Tag Archives: Art Institute of Chicago

From Storage to Spotlight: How D.C.’s National Gallery Is Redefining Access to Art

Rembrandt’s A Woman Holding a Pink will be on display in Denver until 2027. Courtesy the National Gallery of Art and Denver Art Museum

Angelica Daneo, chief curator at the Denver Art Museum, calls Rembrandt “one of the most celebrated artists of the 1600s” and an artist who “played a pivotal role in the development of European Art,” but until recently, residents of the Mile High City weren’t able to actually see any of his paintings unless they traveled somewhere else. The artist created close to 300 paintings during his career, but not every museum has one. Fortunately for Denver residents, that situation has been rectified—for two years, at least—thanks to the newly established Across the Nation program at Washington, D.C.’s National Gallery of Art that is lending works from its permanent collection to smaller and mid-sized museums around the United States.

The goal of the program is to share artworks from the National Gallery’s permanent collection with museums, many of which are in rural areas and mostly in western states that do not have pieces of this caliber to display in their communities. Ten museums (the Anchorage Museum in Alaska, the Boise Art Museum in Idaho, the Denver Art Museum in Colorado, the Figge Art Museum in Iowa, the Flint Institute of Arts in Michigan, the Mint Museum in Charlotte, North Carolina, the New Britain Museum of Art in Connecticut, the Utah Museum of Contemporary Art in Salt Lake City, the Whatcom Museum in Bellingham, Washington and the Nevada Museum of Art in Reno) are part of the first round of loans, with more expected in the coming years.

“We have so much to offer; our collection is here for the nation, and we felt that we were missing an opportunity to share with more people,” Kate Haw, officer for programs, exhibitions and audience engagement at the National Gallery of Art, told Observer. “Many people may not be able to come to Washington to see the collection here on our campus. While we welcome four million visitors a year and lend very generously to special exhibitions and museums around the country and around the world, we felt that we could be doing more for the nation in communities. And, as we are the National Museum, we really wanted to be more proactive about how we shared.”

SEE ALSO: Why Provenance Is Still the Art World’s Blind Spot

The National Gallery’s curators put together a list of 700 American and European artworks from its collection, representing paintings and photographs—some dating back to the 15th century. The Flemish artist Hans Memling was sent to the Flint Institute of Arts, along with works by Sandro Botticelli and Andy Warhol, while others received 19th- and 20th-century French works (paintings by Henri Matisse, Auguste Renoir and Paul Cezanne went to the Whatcom Museum) and Modernist pieces (the Anchorage Museum was lent paintings by Georgia O’Keeffe, Mark Rothko and Nancy Graves, and the Nevada Museum of Art received seventy photographs by Dorothea Lange).

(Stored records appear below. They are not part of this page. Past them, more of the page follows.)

text \<open>For fixed \<open>y\<close> and \<open>t\<close>, \<open>dpi_gap\<close> is the defect of the log-sum inequality for
  \<open>a x = p(x, y) \<kappa>(t|x)\<close> and \<open>b x = p(x) \<kappa>(t|x) p(y)\<close>.\<close>
lemma dpi_gap:
  fixes p :: "('x::finite \<times> 'y::finite) pmf"
  shows dpi_gap_nonneg: "0 \<le> dpi_gap p \<kappa> y t"
    and dpi_gap_eq_0_iff: "dpi_gap p \<kappa> y t = 0 \<longleftrightarrow>
      (\<forall>x. pmf p (x, y) * pmf (\<kappa> x) t * (qT p \<kappa> t * pY p y) = pX p x * pmf (\<kappa> x) t * pY p y * qTY p \<kappa> t y)"
proof -
  define a where "a x = pmf p (x, y) * pmf (\<kappa> x) t" for x
  define b where "b x = pX p x * pmf (\<kappa> x) t * pY p y" for x
  have ab: "0 \<le> a x" "0 \<le> b x" for x
    by (simp_all add: a_def b_def pX_nonneg pY_nonneg)
  have supp: "0 < b x" if "0 < a x" for x
  proof -
    have "0 < pmf p (x, y)" and "0 < pmf (\<kappa> x) t"
      using that by (auto simp: a_def zero_less_mult_iff order.strict_iff_order)
    then show ?thesis
      using pmf_le_pX[of p x y] pmf_le_pY[of p x y] by (simp add: b_def)
  qed
  have sums: "sum a UNIV = qTY p \<kappa> t y" "sum b UNIV = qT p \<kappa> t * pY p y"
    by (simp_all add: a_def b_def qTY_def qT_def sum_distrib_right)
  have "I_XY_term p x y * pmf (\<kappa> x) t = a x * ln (a x / b x)" for x
    by (cases "pmf (\<kappa> x) t = 0") (simp_all add: I_XY_term_def a_def b_def)
  then have gap: "dpi_gap p \<kappa> y t = (\<Sum>x\<in>UNIV. a x * ln (a x / b x)) - sum a UNIV * ln (sum a UNIV / sum b UNIV)"
    by (simp add: dpi_gap_def I_TY_term_def sums)
  show "0 \<le> dpi_gap p \<kappa> y t"
    unfolding gap using log_sum_inequality[of UNIV a b] ab supp by simp
  have "dpi_gap p \<kappa> y t = 0 \<longleftrightarrow> (\<forall>x\<in>UNIV. a x * sum b UNIV = b x * sum a UNIV)"
    unfolding gap using log_sum_eq_iff[of UNIV a b] ab supp by simp
  then show "dpi_gap p \<kappa> y t = 0 \<longleftrightarrow>
      (\<forall>x. pmf p (x, y) * pmf (\<kappa> x) t * (qT p \<kappa> t * pY p y) = pX p x * pmf (\<kappa> x) t * pY p y * qTY p \<kappa> t y)"
    unfolding sums by (simp add: a_def b_def)
qed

“The Nevada Museum of Art organized an exhibition called ‘Sagebrush and Solitude: Maynard Dixon in Nevada’ in 2024,” Ann M. Wolfe, senior curator and deputy director at the museum, told Observer. Dixon was a painter “married to Dorothea Lange, and we wanted to follow up the Dixon exhibition with a Lange exhibition.” The National Gallery of Art has a large number of photographs by Lange, and it offered to share the trove with the Nevada Museum of Art. “The partnership has been a great opportunity to work with the National Gallery.”

All 700 artworks offered through the Across the Nation program were in storage, which meant it didn’t matter if you were in D.C.—you wouldn’t have been able to see them anyway. Pulling the pieces out of storage solved two problems: how to ensure there’s always room in the art vault and how to honor the museum’s collected works. The National Gallery made their offer more attractive by taking on the expense of crating, shipping and insuring the artworks they were lending. For their part, the borrowing museums needed to demonstrate that they had adequate conservation, proper climate controls and the ability to physically protect the works. Some staff members were invited to come to the National Gallery for training.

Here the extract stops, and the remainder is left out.